The weather was excellent on Monday so we traversed the Pointe de Mourti (3564m) and the Dent de Rosses (3613m). The conditions on the traverse and on the glacier were excellent. After overnighting the second night at the hut we traversed the Couronne de Breona (3159m) which is a brilliant rock ridge that leads back towards the car park. The heavy rain on Monday night made the condition’s more challenging but we still made the car park before Tuesdays afternoon rain started.
On Wednesday we climbed at Bramois and looked at rescue techniques before walking to the DIx Hut on Thursday. We completed the traverse of Pointe 2943m on the way to the Dix. This is a lovely little rock ridge which is climbed on mostly perfect rock.
To complete the week we climbed Pigne d’Arolla (3796m). There are a good number more crevasses now than when I was there 3 weeks ago. It may be worth chatting to the guardian about the best line on the lower glacier.
The weather continues to be excellent in the Alps allowing plenty more opportunities to climb great mountains. This week on behalf of www.frostguiding.co.uk I have been out with Gordon, Ben, Emma, John and Andy Teasdale.
We began the week by going to Cabane de Moiry and on the way completed an ecole de glace session. The next day we traversed the Pointe de Mourti (3563m) and the Dent de Rosses (3613m). This lovely AD route was in good condition.
On Tuesday we walked into the Britannia Hut from the Platjjen lift station in Saas Fee arriving just before the very heavy rain that was correctly forecast for the afternoon. The next morning we completed the Hohlaubgrat on the Allalinhorn (4027m). This is a beautiful snow and ice ridge with one rock step near the summit. At the moment the ridge is fairly icy and good sharp crampons are advised.

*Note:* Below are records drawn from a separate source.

theorem theorem4p13:
  fixes n c :: nat and B :: "nat set set"
  assumes "is_matroid {1..n} B" and "\<forall>F\<in>B. card F = c"
  shows "(\<forall>vs r N. distinct vs \<and> set vs \<in> B
            \<and> (\<forall>i\<le>c. strict_linear_order_on (level n B vs i) (r i))
            \<and> N \<in> mingens (J n B)
            \<and> (\<exists>N'\<in>mingens (J n B). prec n B vs r N' N)
          \<longrightarrow> colon_prec n B vs r N =
              (if level_index n B vs N = 0 then J n (cover_matroid0 {1..n} B N)
               else J n (cover_matroid0 ({1..n} - set (take (level_index n B vs N) vs))
                          (contract B (set (take (level_index n B vs N) vs))) N)))
       \<and> (\<forall>N\<in>mingens (J n B). \<exists>vs. distinct vs \<and> set vs \<in> B \<and> level_index n B vs N = 0)"
proof -
  have exch: "basis_exchange B" using assms(1) by (rule basis_exchange_if_is_matroid)
  have sub: "\<forall>F\<in>B. F \<subseteq> {1..n}" and "B \<noteq> {}" using assms(1) by (auto simp: is_matroid_def)
  have fin: "\<forall>F\<in>B. finite F" using sub by (rule bases_finite)
  show ?thesis
  proof (intro conjI allI impI ballI)
    fix vs r N
    assume "distinct vs \<and> set vs \<in> B \<and> (\<forall>i\<le>c. strict_linear_order_on (level n B vs i) (r i))
      \<and> N \<in> mingens (J n B) \<and> (\<exists>N'\<in>mingens (J n B). prec n B vs r N' N)"
    then have vs: "distinct vs" "set vs \<in> B" and N: "N \<in> mingens (J n B)"
      and ord: "\<forall>i\<le>c. strict_linear_order_on (level n B vs i) (r i)" by auto
    have "level_index n B vs N < c"
      using level_index_first_nonzero(1)[OF exch fin vs(2) N] assms(2) vs distinct_card by metis
    then have "irrefl (r (level_index n B vs N))" using ord by (simp add: strict_linear_order_on_def)
    with colon_prec_eq_J_cover_matroid0[OF exch sub assms(2) vs(2) N]
    show "colon_prec n B vs r N = (if level_index n B vs N = 0 then J n (cover_matroid0 {1..n} B N)
        else J n (cover_matroid0 ({1..n} - set (take (level_index n B vs N) vs))
                   (contract B (set (take (level_index n B vs N) vs))) N))"
      by simp
  next
    fix N assume "N \<in> mingens (J n B)"
    then show "\<exists>vs. distinct vs \<and> set vs \<in> B \<and> level_index n B vs N = 0"
      using ex_ordered_basis_level_index_0[OF exch fin \<open>B \<noteq> {}\<close>] by blast
  qed
qed

end
lemma lattice_gen_covering:
  fixes B :: "real^'n^'n"
  assumes "invertible B"
  shows "\<exists>q\<in>lattice_gen B. norm (p - q) \<le> norm B * CARD('n)"
proof -
  obtain B' where B': "B ** B' = mat 1"
    using assms unfolding invertible_def by blast
  define y where "y = B' *v p"
  define x :: "real^'n" where "x = (\<chi> i. of_int \<lfloor>y $ i\<rfloor>)"
  have "norm (y - x) \<le> (\<Sum>i\<in>UNIV. \<bar>(y - x) $ i\<bar>)"
    by (rule norm_le_l1_cart)
  also have "\<dots> \<le> (\<Sum>i\<in>(UNIV::'n set). 1)"
    by (rule sum_mono) (simp add: x_def, linarith)
  finally have "norm (y - x) \<le> CARD('n)"
    by simp
  moreover have "p - B *v x = B *v (y - x)"
    by (simp add: y_def matrix_vector_mul_assoc B' matrix_vector_mult_diff_distrib)
  ultimately have "norm (p - B *v x) \<le> norm B * CARD('n)"
    using norm_matrix_vector_mult_le[of B "y - x"] by (metis mult_left_mono norm_ge_zero order_trans)
  moreover have "B *v x \<in> lattice_gen B"
    unfolding mem_lattice_gen by (intro exI[of _ x]) (simp add: x_def int_vec_def)
  ultimately show ?thesis
    by blast
qed

lemma is_latticeE:
  assumes "is_lattice L"
  obtains B K where "invertible B" "L = lattice_gen B" "K > 0" "\<And>x. norm x \<le> K * norm (B *v x)"
  using assms invertible_matrix_lower_bound unfolding is_lattice_def by metis

lemma is_lattice_lattice_gen: "invertible B \<Longrightarrow> is_lattice (lattice_gen B)"
  unfolding is_lattice_def by blast

lemma is_lattice_matrix_image:
  fixes R :: "real^'n^'n"
  assumes "invertible R" "is_lattice L"
  shows "is_lattice ((\<lambda>p. R *v p) ` L)"
proof -
  obtain B where "invertible B" "L = lattice_gen B"
    using assms(2) unfolding is_lattice_def by blast
  then show ?thesis
    unfolding is_lattice_def using assms(1) invertible_mult matrix_image_lattice_gen by blast
qed

section \<open>Voronoi cells\<close>

lemma mem_voronoi_iff: "p \<in> voronoi L \<longleftrightarrow> (\<forall>q\<in>L - {0}. 2 * (p \<bullet> q) \<le> q \<bullet> q)"
proof -
  have "dist p 0 \<le> dist p q \<longleftrightarrow> 2 * (p \<bullet> q) \<le> q \<bullet> q" for q
    by (simp add: dist_norm norm_le inner_diff inner_commute)
  then show ?thesis
    unfolding voronoi_def by auto
qed

lemma voronoi_ineq: "p \<in> voronoi L \<Longrightarrow> q \<in> L \<Longrightarrow> 2 * (p \<bullet> q) \<le> q \<bullet> q"
  unfolding mem_voronoi_iff by (cases "q = 0") auto
lemma greene_knuth_step: "knuth_step xs ys \<Longrightarrow> distinct xs \<Longrightarrow> greene xs k = greene ys k"
  by (meson antisym knuth_step_distinct greene_le_knuth_step knuth_step_sym)

abbreviation knuth_equiv :: "nat list \<Rightarrow> nat list \<Rightarrow> bool" where
  "knuth_equiv \<equiv> knuth_step\<^sup>*\<^sup>*"

lemma knuth_equiv_distinct: "knuth_equiv xs ys \<Longrightarrow> distinct xs \<Longrightarrow> distinct ys"
  by (induction rule: rtranclp_induct) (auto dest: knuth_step_distinct)

lemma greene_knuth_equiv: "knuth_equiv xs ys \<Longrightarrow> distinct xs \<Longrightarrow> greene xs k = greene ys k"
  by (induction rule: rtranclp_induct) (auto dest: greene_knuth_step knuth_equiv_distinct)

lemma knuth_step_append_cong: "knuth_step xs ys \<Longrightarrow> knuth_step (a @ xs @ b) (a @ ys @ b)"
proof (induction rule: knuth_step.induct)
  case (step1 y x z u v)
  then show ?case using knuth_step.step1[of y x z "a @ u" "v @ b"] by simp
next
  case (step2 y x z u v)
  then show ?case using knuth_step.step2[of y x z "a @ u" "v @ b"] by simp
qed

lemma knuth_equiv_append_cong: "knuth_equiv xs ys \<Longrightarrow> knuth_equiv (a @ xs @ b) (a @ ys @ b)"
  by (induction rule: rtranclp_induct) (auto intro: rtranclp.rtrancl_into_rtrancl knuth_step_append_cong)

lemma knuth_equiv_append: "knuth_equiv xs ys \<Longrightarrow> knuth_equiv xs' ys' \<Longrightarrow> knuth_equiv (xs @ xs') (ys @ ys')"
proof -
  assume a: "knuth_equiv xs ys" "knuth_equiv xs' ys'"
  have "knuth_equiv ([] @ xs @ xs') ([] @ ys @ xs')" using knuth_equiv_append_cong[OF a(1)] by blast
  moreover have "knuth_equiv (ys @ xs' @ []) (ys @ ys' @ [])" using knuth_equiv_append_cong[OF a(2)] by blast
  ultimately show ?thesis by simp
qed

lemma knuth_equiv_sym: "knuth_equiv xs ys \<Longrightarrow> knuth_equiv ys xs"
  by (induction rule: rtranclp_induct) (auto intro: converse_rtranclp_into_rtranclp knuth_step_sym)

lemma knuth_equiv_step1: "between y x z \<Longrightarrow> knuth_equiv (u @ [y,x,z] @ v) (u @ [y,z,x] @ v)"
  by (intro r_into_rtranclp knuth_step.step1)

lemma knuth_equiv_step2: "between y x z \<Longrightarrow> knuth_equiv (u @ [x,z,y] @ v) (u @ [z,x,y] @ v)"
  by (intro r_into_rtranclp knuth_step.step2)
(* Let $f:\mathbb{N}\to\mathbb{N}_{\ge 1}$ be an arithmetic function such that $f(n)=o(\log\log n)$ as $n\to\infty$. Then for Lebesgue-almost every irrational $\alpha\in(0,1)$, \[ \lim_{n\to\infty} S(\alpha,n,f(n))^{1/f(n)} = \infty. \]
   Context: Every irrational $\alpha\in(0,1)$ has a unique continued fraction expansion $\alpha = 1/(a_1(\alpha)+1/(a_2(\alpha)+\cdots))$ with digits $a_i(\alpha)\in\mathbb{N}_{\ge1}$. For $1\le k\le n$ integers, the $k$-th elementary symmetric mean of the first $n$ digits is \[ S(\alpha,n,k) := \binom{n}{k}^{-1}\sum_{1\le i_1<\cdots<i_k\le n} a_{i_1}(\alpha)\cdots a_{i_k}(\alpha). \] Convention: if $k=k(n)$ is not an integer, $S(\alpha,n,k)^{1/k}$ means $S(\alpha,n,\lceil k\rceil)^{1/\lceil k\rceil}$. *)

theory Defs
  imports "HOL-Analysis.Analysis" "HOL-Library.Landau_Symbols"
begin

definition gauss_map :: "real \<Rightarrow> real" where
  "gauss_map x = frac (1 / x)"

text \<open>Continued fraction digit a_i(x), i >= 1: a_i(x) = floor(1 / T^(i-1)(x)).
  For irrational x in (0,1) these are exactly the digits of
  x = 1/(a_1 + 1/(a_2 + ...)).\<close>
definition cf_digit :: "real \<Rightarrow> nat \<Rightarrow> nat" where
  "cf_digit x i = nat \<lfloor>1 / (gauss_map ^^ (i - 1)) x\<rfloor>"

definition sym_mean :: "real \<Rightarrow> nat \<Rightarrow> nat \<Rightarrow> real" where
  "sym_mean x n k =
     (\<Sum>I\<in>{I. I \<subseteq> {1..n} \<and> card I = k}. \<Prod>i\<in>I. real (cf_digit x i)) / real (n choose k)"

end

theory Submission
  imports Defs "HOL-Library.Log_Nat" "HOL-Library.Discrete_Functions"
begin

text \<open>
  Let \<open>\<rho>(x) = 1/(1+x)\<close> be the unnormalised Gauss density. Pulling \<open>\<rho>\<close> back along the
  inverse branches \<open>z \<mapsto> 1/(k+z)\<close> of the Gauss map shows that the \<open>\<rho>\<close>-integral of
  \<open>\<Prod>i. U i (a_i x)\<close> is at most \<open>\<Prod>i. c i\<close> as soon as each weight \<open>U i\<close> averages to at most
  \<open>c i\<close> against the branch weights. Halving the weight of the digits \<open>\<ge> M\<close> among \<open>L\<close> given
  positions turns this into a Chernoff bound: fewer than \<open>m\<close> of these digits are \<open>\<ge> M\<close> with
  probability at most \<open>2^(m+1) exp (-L/(2M))\<close>.

  For \<open>2^j \<le> n < 2^(j+1)\<close> and every \<open>r < j/8\<close>, cut \<open>[1, 2^j]\<close> into \<open>2^r\<close> blocks of length
  \<open>2^(j-r)\<close> and ask each block to contain at least \<open>2^(j-r-s-3)\<close> digits \<open>\<ge> 2^s\<close>, for every
  \<open>1 \<le> s \<le> j/8\<close>. The failure probabilities are summable in \<open>j\<close>, so by Borel-Cantelli almost
  every \<open>\<alpha>\<close> eventually passes all tests, and then every block has digit sum at least
  \<open>(j/8) 2^(j-r-4)\<close>. Choosing \<open>k\<close> disjoint blocks with \<open>k \<le> 2^r < 2k\<close> and keeping only the
  products of one digit from each block gives \<open>S(\<alpha>,n,k)^(1/k) \<ge> (j/8)/192\<close>, valid as long as
  \<open>2k < 2^(j/8)\<close>, which \<open>k \<le> ln (ln n)\<close> guarantees.
\<close>

section \<open>The Gauss map and the digits\<close>

lemma borel_measurable_frac [measurable]: "(frac :: real \<Rightarrow> real) \<in> borel_measurable borel"
proof -
  have "frac = (\<lambda>x::real. x - real_of_int \<lfloor>x\<rfloor>)" by (auto simp: frac_def)
  also have "\<dots> \<in> borel_measurable borel" by measurable
  finally show ?thesis .
qed

lemma borel_measurable_gauss_map [measurable]: "gauss_map \<in> borel_measurable borel"
  unfolding gauss_map_def by measurable

lemma borel_measurable_gauss_map_funpow [measurable]: "(gauss_map ^^ i) \<in> borel_measurable borel"
  by (induction i) (auto intro: measurable_compose)

lemma borel_measurable_cf_digit [measurable]: "(\<lambda>x. real (cf_digit x i)) \<in> borel_measurable borel"
proof -
  have "(\<lambda>x. real (cf_digit x i)) = (\<lambda>x. max 0 (real_of_int \<lfloor>1 / (gauss_map ^^ (i - 1)) x\<rfloor>))"
    by (auto simp: cf_digit_def fun_eq_iff)
  also have "\<dots> \<in> borel_measurable borel" by measurable
  finally show ?thesis .
qed

lemma measurable_cf_digit [measurable]: "(\<lambda>x. cf_digit x i) \<in> borel \<rightarrow>\<^sub>M count_space UNIV"
proof (subst measurable_count_space_eq2_countable, safe)
  fix a :: nat
  have "(\<lambda>x. cf_digit x i) -` {a} \<inter> space borel = {x. real (cf_digit x i) = real a}" by auto
  also have "\<dots> \<in> sets borel" by measurable
  finally show "(\<lambda>x. cf_digit x i) -` {a} \<inter> space borel \<in> sets borel" .
qed auto

lemma cf_digit_Suc: "1 \<le> i \<Longrightarrow> cf_digit x (Suc i) = cf_digit (gauss_map x) i"
  unfolding cf_digit_def by (cases i) (simp_all add: funpow_swap1)

lemma cf_digit_1_bounds:
  assumes "0 < x" "x < 1"
  shows "1 \<le> cf_digit x 1" "1 / (real (cf_digit x 1) + 1) \<le> x" "x \<le> 1 / real (cf_digit x 1)"
proof -
  define a where "a = \<lfloor>1 / x\<rfloor>"
  have "1 < 1 / x" using assms by simp
  then have a1: "1 \<le> a" by (simp add: a_def le_floor_iff)
  have digit: "real (cf_digit x 1) = of_int a"
    unfolding cf_digit_def using a1 by (simp add: a_def[symmetric])
  have lower: "of_int a \<le> 1 / x" and upper: "1 / x < of_int a + 1"
    unfolding a_def by linarith+
  have "(1::real) \<le> of_int a" using a1 by simp
  then show "1 \<le> cf_digit x 1" using digit by linarith
  show "1 / (real (cf_digit x 1) + 1) \<le> x"
    using upper assms a1 unfolding digit by (simp add: field_simps)
  show "x \<le> 1 / real (cf_digit x 1)"
    using lower assms a1 unfolding digit by (simp add: field_simps)
qed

The next day following another early start we traversed the Grand Perron (2674m). This is another excellent AD ridge that involves sustained rock scrambling, some rock climbing and five abseils. The rock on the route is mostly excellent.
Yesterday we went multi pitch rock climbing on the Dent de Follieches near Arolla before revisiting our prusiking skills to finish off the week.